• _AIM OF THE EXERCISE_: Could you set down every entry exactly as it appears?

• _ENTRIES SUPPLIED_:
text \<open>
  Let \<open>f\<close> have degree \<open>d > 0\<close> and leading coefficient \<open>c\<close>, and write the normalised
  reversed polynomial as \<open>R = reflect f / c = 1 + b U + \<dots>\<close>, where \<open>b\<close> is the next-to-leading
  coefficient of \<open>f\<close> divided by \<open>c\<close>.  Reflecting the sum defining \<open>L\<close> gives that
  \<open>L(f^m) / (c^m (dm)!)\<close> is the sum over \<open>k \<le> dm\<close> of \<open>[U^k] R^m \<cdot> (dm-k)!/(dm)!\<close>.
  For fixed \<open>k\<close> the \<open>k\<close>-th term tends to \<open>(b/d)^k/k!\<close> as \<open>m \<rightarrow> \<infinity>\<close>, because
  \<open>[U^k] R^m\<close> is the sum over \<open>j \<le> k\<close> of \<open>(m choose j) [U^k](R-1)^j\<close> and only \<open>j = k\<close> survives the
  normalisation; and the terms are dominated by \<open>B^k/k!\<close> uniformly in \<open>m\<close>.  By Tannery's theorem
  the normalised moments therefore converge to \<open>exp (b/d) \<noteq> 0\<close>, so \<open>L(f^m) \<noteq> 0\<close> for large \<open>m\<close>.
\<close>

lemma binomial_times_fact_eq_prod:
  "real (n choose k) * fact k = (\<Prod>i<k. real n - real i)"
  using gbinomial_mult_fact'[of "real n" k] by (simp add: binomial_gbinomial atLeast0LessThan)

lemma fact_ratio_eq_prod:
  assumes "k \<le> n"
  shows "(fact (n - k) :: real) / fact n = 1 / (\<Prod>i<k. real n - real i)"
proof -
  have "(fact n :: real) = real (n choose k) * fact k * fact (n - k)"
    using assms by (simp add: binomial_fact)
  then show ?thesis by (simp add: binomial_times_fact_eq_prod)
qed

text \<open>\<open>(m choose j) (n-k)!/n!\<close> as a product of \<open>k\<close> simple quotients, which makes its
  asymptotics (for \<open>n = d m\<close>) visible factor by factor.\<close>
lemma binomial_fact_ratio_eq:
  assumes "j \<le> k" "k \<le> n"
  shows "real (m choose j) * fact (n - k) / fact n
         = (\<Prod>i<k. (if i < j then real m - real i else 1) / (real n - real i)) / fact j"
proof -
  have "(\<Prod>i<k. (if i < j then real m - real i else 1)) = (\<Prod>i\<in>{..<k} \<inter> {..<j}. real m - real i)"
    by (subst prod.inter_restrict) auto
  also have "\<dots> = real (m choose j) * fact j"
    using assms(1) by (simp add: binomial_times_fact_eq_prod Int_absorb1)
  finally have "(\<Prod>i<k. (if i < j then real m - real i else 1)) = real (m choose j) * fact j" .
  then show ?thesis
    using fact_ratio_eq_prod[OF assms(2)]
    by (simp add: prod_dividef times_divide_eq_right[symmetric] del: times_divide_eq_right)
qed

text \<open>For \<open>j \<le> k\<close>, \<open>(m choose j) (dm-k)!/(dm)!\<close> behaves like \<open>m^(j-k)\<close>: it tends to
  \<open>1/(k! d^k)\<close> if \<open>j = k\<close> and to \<open>0\<close> otherwise.\<close>
lemma binomial_fact_ratio_limit:
  fixes d j k :: nat
  assumes "d > 0" "j \<le> k"
  shows "(\<lambda>m. real (m choose j) * fact (d * m - k) / fact (d * m))
           \<longlonglongrightarrow> (if j = k then 1 / (fact k * real d ^ k) else 0)"
proof -
  define g where "g i m = (if i < j then real m - real i else 1) / (real d * real m - real i)"
    for i m
  have g_lim: "(\<lambda>m. g i m) \<longlonglongrightarrow> (if i < j then inverse (real d) else 0)" for i
  proof -
    have "real d > 0" using assms(1) by simp
    then have "(\<lambda>m::nat. (real m - real i) / (real d * real m - real i)) \<longlonglongrightarrow> inverse (real d)"
          and "(\<lambda>m::nat. 1 / (real d * real m - real i)) \<longlonglongrightarrow> 0"
      by real_asymp+
    then show ?thesis by (simp add: g_def)
  qed
  have limit_value: "(\<Prod>i<k. (if i < j then inverse (real d) else 0)) / fact j
                       = (if j = k then 1 / (fact k * real d ^ k) else 0)"
    using assms(2) by (auto simp: power_inverse field_simps intro!: prod_zero)
  have "(\<lambda>m. (\<Prod>i<k. g i m) / fact j) \<longlonglongrightarrow> (if j = k then 1 / (fact k * real d ^ k) else 0)"
    unfolding limit_value[symmetric] by (intro tendsto_divide tendsto_prod g_lim tendsto_const) auto
  moreover have "eventually (\<lambda>m. (\<Prod>i<k. g i m) / fact j
                   = real (m choose j) * fact (d * m - k) / fact (d * m)) sequentially"
    using eventually_ge_at_top[of k]
  proof eventually_elim
    case (elim m)
    moreover have "m \<le> d * m" using assms(1) by simp
    ultimately have "k \<le> d * m" by linarith
    then show ?case
      using binomial_fact_ratio_eq[OF assms(2), of "d * m" m] by (simp add: g_def)
  qed
  ultimately show ?thesis by (rule Lim_transform_eventually)
qed

text \<open>Powers of a polynomial without constant term: \<open>(U Q)^j = U^j Q^j\<close>.\<close>
lemma coeff_power_pCons_0:
  fixes Q :: "'a::comm_semiring_1 poly"
  shows "coeff (pCons 0 Q ^ j) k = (if k < j then 0 else coeff (Q ^ j) (k - j))"
proof -
  have "pCons 0 Q = [:0, 1:] * Q" by simp
  then have "pCons 0 Q ^ j = monom 1 j * Q ^ j"
    by (simp only: power_mult_distrib monom_altdef smult_1_left)
  then show ?thesis by (simp add: coeff_monom_mult)
qed

lemma coeff_power_pCons_1:
  fixes Q :: "'a::comm_semiring_1 poly"
  shows "coeff (pCons 1 Q ^ m) k = (\<Sum>j\<le>k. of_nat (m choose j) * coeff (pCons 0 Q ^ j) k)"
proof -
  have "pCons 1 Q = pCons 0 Q + 1" by (simp add: one_pCons)
  then have "coeff (pCons 1 Q ^ m) k = (\<Sum>j\<le>m. of_nat (m choose j) * coeff (pCons 0 Q ^ j) k)"
    by (simp add: binomial_ring coeff_sum of_nat_poly)
  also have "\<dots> = (\<Sum>j\<le>max m k. of_nat (m choose j) * coeff (pCons 0 Q ^ j) k)"
    by (rule sum.mono_neutral_left) (auto simp: binomial_eq_0)
  also have "\<dots> = (\<Sum>j\<le>k. of_nat (m choose j) * coeff (pCons 0 Q ^ j) k)"
    by (rule sum.mono_neutral_right) (auto simp: coeff_power_pCons_0)
  finally show ?thesis .
qed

• _REPLY_:
text \<open>
  Let \<open>f\<close> have degree \<open>d > 0\<close> and leading coefficient \<open>c\<close>, and write the normalised
  reversed polynomial as \<open>R = reflect f / c = 1 + b U + \<dots>\<close>, where \<open>b\<close> is the next-to-leading
  coefficient of \<open>f\<close> divided by \<open>c\<close>.  Reflecting the sum defining \<open>L\<close> gives that
  \<open>L(f^m) / (c^m (dm)!)\<close> is the sum over \<open>k \<le> dm\<close> of \<open>[U^k] R^m \<cdot> (dm-k)!/(dm)!\<close>.
  For fixed \<open>k\<close> the \<open>k\<close>-th term tends to \<open>(b/d)^k/k!\<close> as \<open>m \<rightarrow> \<infinity>\<close>, because
  \<open>[U^k] R^m\<close> is the sum over \<open>j \<le> k\<close> of \<open>(m choose j) [U^k](R-1)^j\<close> and only \<open>j = k\<close> survives the
  normalisation; and the terms are dominated by \<open>B^k/k!\<close> uniformly in \<open>m\<close>.  By Tannery's theorem
  the normalised moments therefore converge to \<open>exp (b/d) \<noteq> 0\<close>, so \<open>L(f^m) \<noteq> 0\<close> for large \<open>m\<close>.
\<close>

lemma binomial_times_fact_eq_prod:
  "real (n choose k) * fact k = (\<Prod>i<k. real n - real i)"
  using gbinomial_mult_fact'[of "real n" k] by (simp add: binomial_gbinomial atLeast0LessThan)

lemma fact_ratio_eq_prod:
  assumes "k \<le> n"
  shows "(fact (n - k) :: real) / fact n = 1 / (\<Prod>i<k. real n - real i)"
proof -
  have "(fact n :: real) = real (n choose k) * fact k * fact (n - k)"
    using assms by (simp add: binomial_fact)
  then show ?thesis by (simp add: binomial_times_fact_eq_prod)
qed

text \<open>\<open>(m choose j) (n-k)!/n!\<close> as a product of \<open>k\<close> simple quotients, which makes its
  asymptotics (for \<open>n = d m\<close>) visible factor by factor.\<close>
lemma binomial_fact_ratio_eq:
  assumes "j \<le> k" "k \<le> n"
  shows "real (m choose j) * fact (n - k) / fact n
         = (\<Prod>i<k. (if i < j then real m - real i else 1) / (real n - real i)) / fact j"
proof -
  have "(\<Prod>i<k. (if i < j then real m - real i else 1)) = (\<Prod>i\<in>{..<k} \<inter> {..<j}. real m - real i)"
    by (subst prod.inter_restrict) auto
  also have "\<dots> = real (m choose j) * fact j"
    using assms(1) by (simp add: binomial_times_fact_eq_prod Int_absorb1)
  finally have "(\<Prod>i<k. (if i < j then real m - real i else 1)) = real (m choose j) * fact j" .
  then show ?thesis
    using fact_ratio_eq_prod[OF assms(2)]
    by (simp add: prod_dividef times_divide_eq_right[symmetric] del: times_divide_eq_right)
qed

text \<open>For \<open>j \<le> k\<close>, \<open>(m choose j) (dm-k)!/(dm)!\<close> behaves like \<open>m^(j-k)\<close>: it tends to
  \<open>1/(k! d^k)\<close> if \<open>j = k\<close> and to \<open>0\<close> otherwise.\<close>
lemma binomial_fact_ratio_limit:
  fixes d j k :: nat
  assumes "d > 0" "j \<le> k"
  shows "(\<lambda>m. real (m choose j) * fact (d * m - k) / fact (d * m))
           \<longlonglongrightarrow> (if j = k then 1 / (fact k * real d ^ k) else 0)"
proof -
  define g where "g i m = (if i < j then real m - real i else 1) / (real d * real m - real i)"
    for i m
  have g_lim: "(\<lambda>m. g i m) \<longlonglongrightarrow> (if i < j then inverse (real d) else 0)" for i
  proof -
    have "real d > 0" using assms(1) by simp
    then have "(\<lambda>m::nat. (real m - real i) / (real d * real m - real i)) \<longlonglongrightarrow> inverse (real d)"
          and "(\<lambda>m::nat. 1 / (real d * real m - real i)) \<longlonglongrightarrow> 0"
      by real_asymp+
    then show ?thesis by (simp add: g_def)
  qed
  have limit_value: "(\<Prod>i<k. (if i < j then inverse (real d) else 0)) / fact j
                       = (if j = k then 1 / (fact k * real d ^ k) else 0)"
    using assms(2) by (auto simp: power_inverse field_simps intro!: prod_zero)
  have "(\<lambda>m. (\<Prod>i<k. g i m) / fact j) \<longlonglongrightarrow> (if j = k then 1 / (fact k * real d ^ k) else 0)"
    unfolding limit_value[symmetric] by (intro tendsto_divide tendsto_prod g_lim tendsto_const) auto
  moreover have "eventually (\<lambda>m. (\<Prod>i<k. g i m) / fact j
                   = real (m choose j) * fact (d * m - k) / fact (d * m)) sequentially"
    using eventually_ge_at_top[of k]
  proof eventually_elim
    case (elim m)
    moreover have "m \<le> d * m" using assms(1) by simp
    ultimately have "k \<le> d * m" by linarith
    then show ?case
      using binomial_fact_ratio_eq[OF assms(2), of "d * m" m] by (simp add: g_def)
  qed
  ultimately show ?thesis by (rule Lim_transform_eventually)
qed

text \<open>Powers of a polynomial without constant term: \<open>(U Q)^j = U^j Q^j\<close>.\<close>
lemma coeff_power_pCons_0:
  fixes Q :: "'a::comm_semiring_1 poly"
  shows "coeff (pCons 0 Q ^ j) k = (if k < j then 0 else coeff (Q ^ j) (k - j))"
proof -
  have "pCons 0 Q = [:0, 1:] * Q" by simp
  then have "pCons 0 Q ^ j = monom 1 j * Q ^ j"
    by (simp only: power_mult_distrib monom_altdef smult_1_left)
  then show ?thesis by (simp add: coeff_monom_mult)
qed

lemma coeff_power_pCons_1:
  fixes Q :: "'a::comm_semiring_1 poly"
  shows "coeff (pCons 1 Q ^ m) k = (\<Sum>j\<le>k. of_nat (m choose j) * coeff (pCons 0 Q ^ j) k)"
proof -
  have "pCons 1 Q = pCons 0 Q + 1" by (simp add: one_pCons)
  then have "coeff (pCons 1 Q ^ m) k = (\<Sum>j\<le>m. of_nat (m choose j) * coeff (pCons 0 Q ^ j) k)"
    by (simp add: binomial_ring coeff_sum of_nat_poly)
  also have "\<dots> = (\<Sum>j\<le>max m k. of_nat (m choose j) * coeff (pCons 0 Q ^ j) k)"
    by (rule sum.mono_neutral_left) (auto simp: binomial_eq_0)
  also have "\<dots> = (\<Sum>j\<le>k. of_nat (m choose j) * coeff (pCons 0 Q ^ j) k)"
    by (rule sum.mono_neutral_right) (auto simp: coeff_power_pCons_0)
  finally show ?thesis .
qed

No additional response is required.